───── Material provided

(* Assume $A$ contains at least one prime element and that $U(A)$ is finite. Then for every $x\in A\setminus(U(A)\cup\{0\})$ such that $\mathcal D(x)$ is finite, there exist a prime element $p$ of $A$, an integer $n\ge1$ and $a\in A\setminus\{0\}$ such that $x=ap^n$ and $\gcd(a,p)=1$ (i.e. $p\nmid a$).
   Context: Let $\mathbb F$ be a subfield of $\mathbb C$ with a norm (absolute value) $\|\cdot\|_{\mathbb F}$, and $A$ a subring of $\mathbb F$ containing $1$ (hence an integral domain). $U(A)$ is the unit group of $A$; $d\mid x$ means $x=dc$ for some $c\in A$; $\mathcal D(x)=\{d\in A:d\mid x\}$; $xU(A)=\{xu:u\in U(A)\}$. $N:A\to\mathbb F\cap\mathbb R$ is a map with $N(a)\neq0$ for all nonzero $a\in A$ and satisfying: for all $x\in A$, $N(x)\in A$, $\mathcal D(N(x))=\mathcal D(x)$ and $N(N(x))=N(x)$; for all $x,y\in A$ there is $z\in A$ with $N(x)+N(y)=N(z)$; $N(-x)=N(x)$; $N(xy)=N(x)N(y)$; $\|N(x)\|_{\mathbb F}=N(x)$; for every $x\ne0$ there is $x'\in\mathbb F\cap\mathbb R$ with $N(x)^2=xx'\in A$. An element $p\in A$ is irreducible if $p\notin U(A)\cup\{0\}$ and $\mathcal D(p)=U(A)\cup pU(A)$; it is prime if it is irreducible and $N(p)=p$. For a prime $p$ and $a\in A$, $\gcd(a,p)=1$ means $p\nmid a$. *)

theory Defs
  imports Complex_Main
begin

definition subfield_of_C :: "complex set \<Rightarrow> bool" where
  "subfield_of_C F \<longleftrightarrow> 0 \<in> F \<and> 1 \<in> F \<and>
     (\<forall>x\<in>F. \<forall>y\<in>F. x + y \<in> F \<and> x * y \<in> F) \<and>
     (\<forall>x\<in>F. - x \<in> F) \<and> (\<forall>x\<in>F. x \<noteq> 0 \<longrightarrow> inverse x \<in> F)"

definition abs_value_on :: "complex set \<Rightarrow> (complex \<Rightarrow> real) \<Rightarrow> bool" where
  "abs_value_on F nrm \<longleftrightarrow>
     (\<forall>x\<in>F. nrm x \<ge> 0 \<and> (nrm x = 0 \<longleftrightarrow> x = 0)) \<and>
     (\<forall>x\<in>F. \<forall>y\<in>F. nrm (x * y) = nrm x * nrm y \<and> nrm (x + y) \<le> nrm x + nrm y)"

definition subring_of :: "complex set \<Rightarrow> complex set \<Rightarrow> bool" where
  "subring_of A F \<longleftrightarrow> A \<subseteq> F \<and> 0 \<in> A \<and> 1 \<in> A \<and>
     (\<forall>x\<in>A. \<forall>y\<in>A. x + y \<in> A \<and> x * y \<in> A) \<and> (\<forall>x\<in>A. - x \<in> A)"

definition units_of_ring :: "complex set \<Rightarrow> complex set" where
  "units_of_ring A = {u \<in> A. \<exists>v\<in>A. u * v = 1}"

definition rdvd :: "complex set \<Rightarrow> complex \<Rightarrow> complex \<Rightarrow> bool" where
  "rdvd A d x \<longleftrightarrow> (\<exists>c\<in>A. x = d * c)"

definition divisors :: "complex set \<Rightarrow> complex \<Rightarrow> complex set" where
  "divisors A x = {d \<in> A. rdvd A d x}"

definition good_N :: "complex set \<Rightarrow> complex set \<Rightarrow> (complex \<Rightarrow> real) \<Rightarrow> (complex \<Rightarrow> complex) \<Rightarrow> bool" where
  "good_N F A nrm N \<longleftrightarrow>
     (\<forall>x\<in>A. N x \<in> F \<and> N x \<in> \<real>) \<and>
     (\<forall>a\<in>A. a \<noteq> 0 \<longrightarrow> N a \<noteq> 0) \<and>
     (\<forall>x\<in>A. N x \<in> A \<and> divisors A (N x) = divisors A x \<and> N (N x) = N x) \<and>
     (\<forall>x\<in>A. \<forall>y\<in>A. \<exists>z\<in>A. N x + N y = N z) \<and>
     (\<forall>x\<in>A. N (- x) = N x) \<and>
     (\<forall>x\<in>A. \<forall>y\<in>A. N (x * y) = N x * N y) \<and>
     (\<forall>x\<in>A. complex_of_real (nrm (N x)) = N x) \<and>
     (\<forall>x\<in>A. x \<noteq> 0 \<longrightarrow> (\<exists>x'. x' \<in> F \<and> x' \<in> \<real> \<and> (N x)\<^sup>2 = x * x' \<and> x * x' \<in> A))"

definition irreducible_el :: "complex set \<Rightarrow> complex \<Rightarrow> bool" where
  "irreducible_el A p \<longleftrightarrow> p \<in> A \<and> p \<notin> units_of_ring A \<and> p \<noteq> 0 \<and>
     divisors A p = units_of_ring A \<union> {p * u | u. u \<in> units_of_ring A}"

definition prime_el :: "complex set \<Rightarrow> (complex \<Rightarrow> complex) \<Rightarrow> complex \<Rightarrow> bool" where
  "prime_el A N p \<longleftrightarrow> irreducible_el A p \<and> N p = p"

end

theory Submission
  imports Defs
begin

text \<open>
  A non-unit x with finitely many divisors has an irreducible divisor: take a non-unit divisor
  whose divisor set is smallest. Replacing it by its N-value, which has the same divisors, gives
  a prime p dividing x. The powers of p are pairwise distinct, so only finitely many of them
  divide x.
\<close>

lemma subring_of_closed:
  assumes "subring_of A F"
  shows "1 \<in> A" and "\<And>x y. x \<in> A \<Longrightarrow> y \<in> A \<Longrightarrow> x * y \<in> A"
  using assms unfolding subring_of_def by auto

lemma subring_of_power_closed:
  assumes "subring_of A F" and "p \<in> A"
  shows "p ^ n \<in> A"
  using subring_of_closed[OF assms(1)] assms(2) by (induction n) auto

lemma rdvd_refl:
  assumes "subring_of A F"
  shows "rdvd A x x"
  using subring_of_closed(1)[OF assms] unfolding rdvd_def by (metis mult_1_right)

lemma rdvd_trans:
  assumes "subring_of A F" and "rdvd A a b" and "rdvd A b c"
  shows "rdvd A a c"
  using assms subring_of_closed[OF assms(1)] unfolding rdvd_def by (metis mult.assoc)

lemma rdvd_zeroD:
  assumes "rdvd A 0 x"
  shows "x = 0"
  using assms unfolding rdvd_def by auto

lemma units_of_ring_mult:
  assumes "subring_of A F" and "u \<in> units_of_ring A" and "v \<in> units_of_ring A"
  shows "u * v \<in> units_of_ring A"
proof -
  obtain u' v' where "u' \<in> A" "u * u' = 1" "v' \<in> A" "v * v' = 1"
    using assms(2,3) unfolding units_of_ring_def by auto
  have "(u * v) * (v' * u') = u * (v * v') * u'" by (simp only: mult.assoc)
  also have "\<dots> = 1" using \<open>u * u' = 1\<close> \<open>v * v' = 1\<close> by simp
  finally have "(u * v) * (v' * u') = 1" .
  then show ?thesis
    using assms \<open>u' \<in> A\<close> \<open>v' \<in> A\<close> subring_of_closed(2)[OF assms(1)]
    unfolding units_of_ring_def by blast
qed

lemma unit_rdvd:
  assumes "subring_of A F" and "u \<in> units_of_ring A" and "x \<in> A"
  shows "rdvd A u x"
proof -
  obtain v where "v \<in> A" "u * v = 1" using assms(2) unfolding units_of_ring_def by auto
  then have "x = u * (v * x)" by (simp add: mult.assoc[symmetric])
  then show ?thesis
    using subring_of_closed(2)[OF assms(1) \<open>v \<in> A\<close> assms(3)] unfolding rdvd_def by blast
qed

lemma rdvd_unit_imp_unit:
  assumes "subring_of A F" and "d \<in> A" and "rdvd A d u" and "u \<in> units_of_ring A"
  shows "d \<in> units_of_ring A"
proof -
  obtain c v where "c \<in> A" "u = d * c" "v \<in> A" "u * v = 1"
    using assms(3,4) unfolding rdvd_def units_of_ring_def by auto
  then have "d * (c * v) = 1" by (simp add: mult.assoc)
  then show ?thesis
    using assms(2) subring_of_closed(2)[OF assms(1) \<open>c \<in> A\<close> \<open>v \<in> A\<close>]
    unfolding units_of_ring_def by blast
qed

lemma rdvd_antisym_associated:
  assumes "subring_of A F" and "q \<noteq> 0" and "rdvd A p q" and "rdvd A q p"
  shows "\<exists>u\<in>units_of_ring A. p = q * u"
proof -
  obtain c c' where "c \<in> A" "q = p * c" "c' \<in> A" "p = q * c'"
    using assms(3,4) unfolding rdvd_def by blast
  then have "q * (c' * c) = q * 1" by (metis mult.assoc mult_1_right)
  then have "c' * c = 1" using assms(2) by simp
  then show ?thesis
    using \<open>c \<in> A\<close> \<open>c' \<in> A\<close> \<open>p = q * c'\<close> unfolding units_of_ring_def by blast
qed

lemma divisors_mono:
  assumes "subring_of A F" and "rdvd A d x"
  shows "divisors A d \<subseteq> divisors A x"
  using rdvd_trans[OF assms(1) _ assms(2)] unfolding divisors_def by auto

lemma irreducible_elI:
  assumes sr: "subring_of A F" and "q \<in> A" and "q \<notin> units_of_ring A" and "q \<noteq> 0"
    and assoc: "\<And>e. e \<in> A \<Longrightarrow> rdvd A e q \<Longrightarrow> e \<notin> units_of_ring A \<Longrightarrow>
                  \<exists>u\<in>units_of_ring A. e = q * u"
  shows "irreducible_el A q"
proof -
  have "units_of_ring A \<subseteq> divisors A q"
    using unit_rdvd[OF sr _ \<open>q \<in> A\<close>] unfolding divisors_def units_of_ring_def by blast
  moreover have "{q * u | u. u \<in> units_of_ring A} \<subseteq> divisors A q"
  proof safe
    fix u assume "u \<in> units_of_ring A"
    then obtain v where "u \<in> A" "v \<in> A" "u * v = 1" unfolding units_of_ring_def by auto
    then have "q = (q * u) * v" by (simp add: mult.assoc)
    then show "q * u \<in> divisors A q"
      using \<open>u \<in> A\<close> \<open>v \<in> A\<close> \<open>q \<in> A\<close> subring_of_closed(2)[OF sr]
      unfolding divisors_def rdvd_def by blast
  qed
  moreover have "divisors A q \<subseteq> units_of_ring A \<union> {q * u | u. u \<in> units_of_ring A}"
    using assoc unfolding divisors_def by blast
  ultimately show ?thesis using assms(2-4) unfolding irreducible_el_def by blast
qed

lemma irreducible_elD:
  assumes "irreducible_el A q" and "e \<in> A" and "rdvd A e q" and "e \<notin> units_of_ring A"
  shows "\<exists>u\<in>units_of_ring A. e = q * u"
  using assms unfolding irreducible_el_def divisors_def by blast

lemma irreducible_el_divisors_eq:
  assumes sr: "subring_of A F" and q: "irreducible_el A q"
    and "p \<in> A" and same: "divisors A p = divisors A q"
  shows "irreducible_el A p"
proof -
  have "q \<in> A" "q \<notin> units_of_ring A" "q \<noteq> 0"
    using q unfolding irreducible_el_def by auto
  have "rdvd A p q" and "rdvd A q p"
    using same rdvd_refl[OF sr] \<open>p \<in> A\<close> \<open>q \<in> A\<close> unfolding divisors_def by blast+
  then obtain v where v: "v \<in> units_of_ring A" "q = p * v"
    using rdvd_antisym_associated[OF sr] rdvd_zeroD \<open>q \<noteq> 0\<close> by metis
  show ?thesis
  proof (rule irreducible_elI[OF sr \<open>p \<in> A\<close>])
    show "p \<notin> units_of_ring A"
      using rdvd_unit_imp_unit[OF sr \<open>q \<in> A\<close> \<open>rdvd A q p\<close>] \<open>q \<notin> units_of_ring A\<close> by blast
    show "p \<noteq> 0" using \<open>q \<noteq> 0\<close> v(2) by simp
  next
    fix e assume "e \<in> A" "rdvd A e p" "e \<notin> units_of_ring A"
    then obtain w where "w \<in> units_of_ring A" "e = q * w"
      using irreducible_elD[OF q] rdvd_trans[OF sr _ \<open>rdvd A p q\<close>] by blast
    then show "\<exists>u\<in>units_of_ring A. e = p * u"
      using units_of_ring_mult[OF sr v(1)] v(2) by (metis mult.assoc)
  qed
qed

──────────

*Exercise requirements*. Repeat exactly, and only, the lines from the one containing "p = divisors" through the last line above.

*Response for this exercise*.
    and "p \<in> A" and same: "divisors A p = divisors A q"
  shows "irreducible_el A p"
proof -
  have "q \<in> A" "q \<notin> units_of_ring A" "q \<noteq> 0"
    using q unfolding irreducible_el_def by auto
  have "rdvd A p q" and "rdvd A q p"
    using same rdvd_refl[OF sr] \<open>p \<in> A\<close> \<open>q \<in> A\<close> unfolding divisors_def by blast+
  then obtain v where v: "v \<in> units_of_ring A" "q = p * v"
    using rdvd_antisym_associated[OF sr] rdvd_zeroD \<open>q \<noteq> 0\<close> by metis
  show ?thesis
  proof (rule irreducible_elI[OF sr \<open>p \<in> A\<close>])
    show "p \<notin> units_of_ring A"
      using rdvd_unit_imp_unit[OF sr \<open>q \<in> A\<close> \<open>rdvd A q p\<close>] \<open>q \<notin> units_of_ring A\<close> by blast
    show "p \<noteq> 0" using \<open>q \<noteq> 0\<close> v(2) by simp
  next
    fix e assume "e \<in> A" "rdvd A e p" "e \<notin> units_of_ring A"
    then obtain w where "w \<in> units_of_ring A" "e = q * w"
      using irreducible_elD[OF q] rdvd_trans[OF sr _ \<open>rdvd A p q\<close>] by blast
    then show "\<exists>u\<in>units_of_ring A. e = p * u"
      using units_of_ring_mult[OF sr v(1)] v(2) by (metis mult.assoc)
  qed
qed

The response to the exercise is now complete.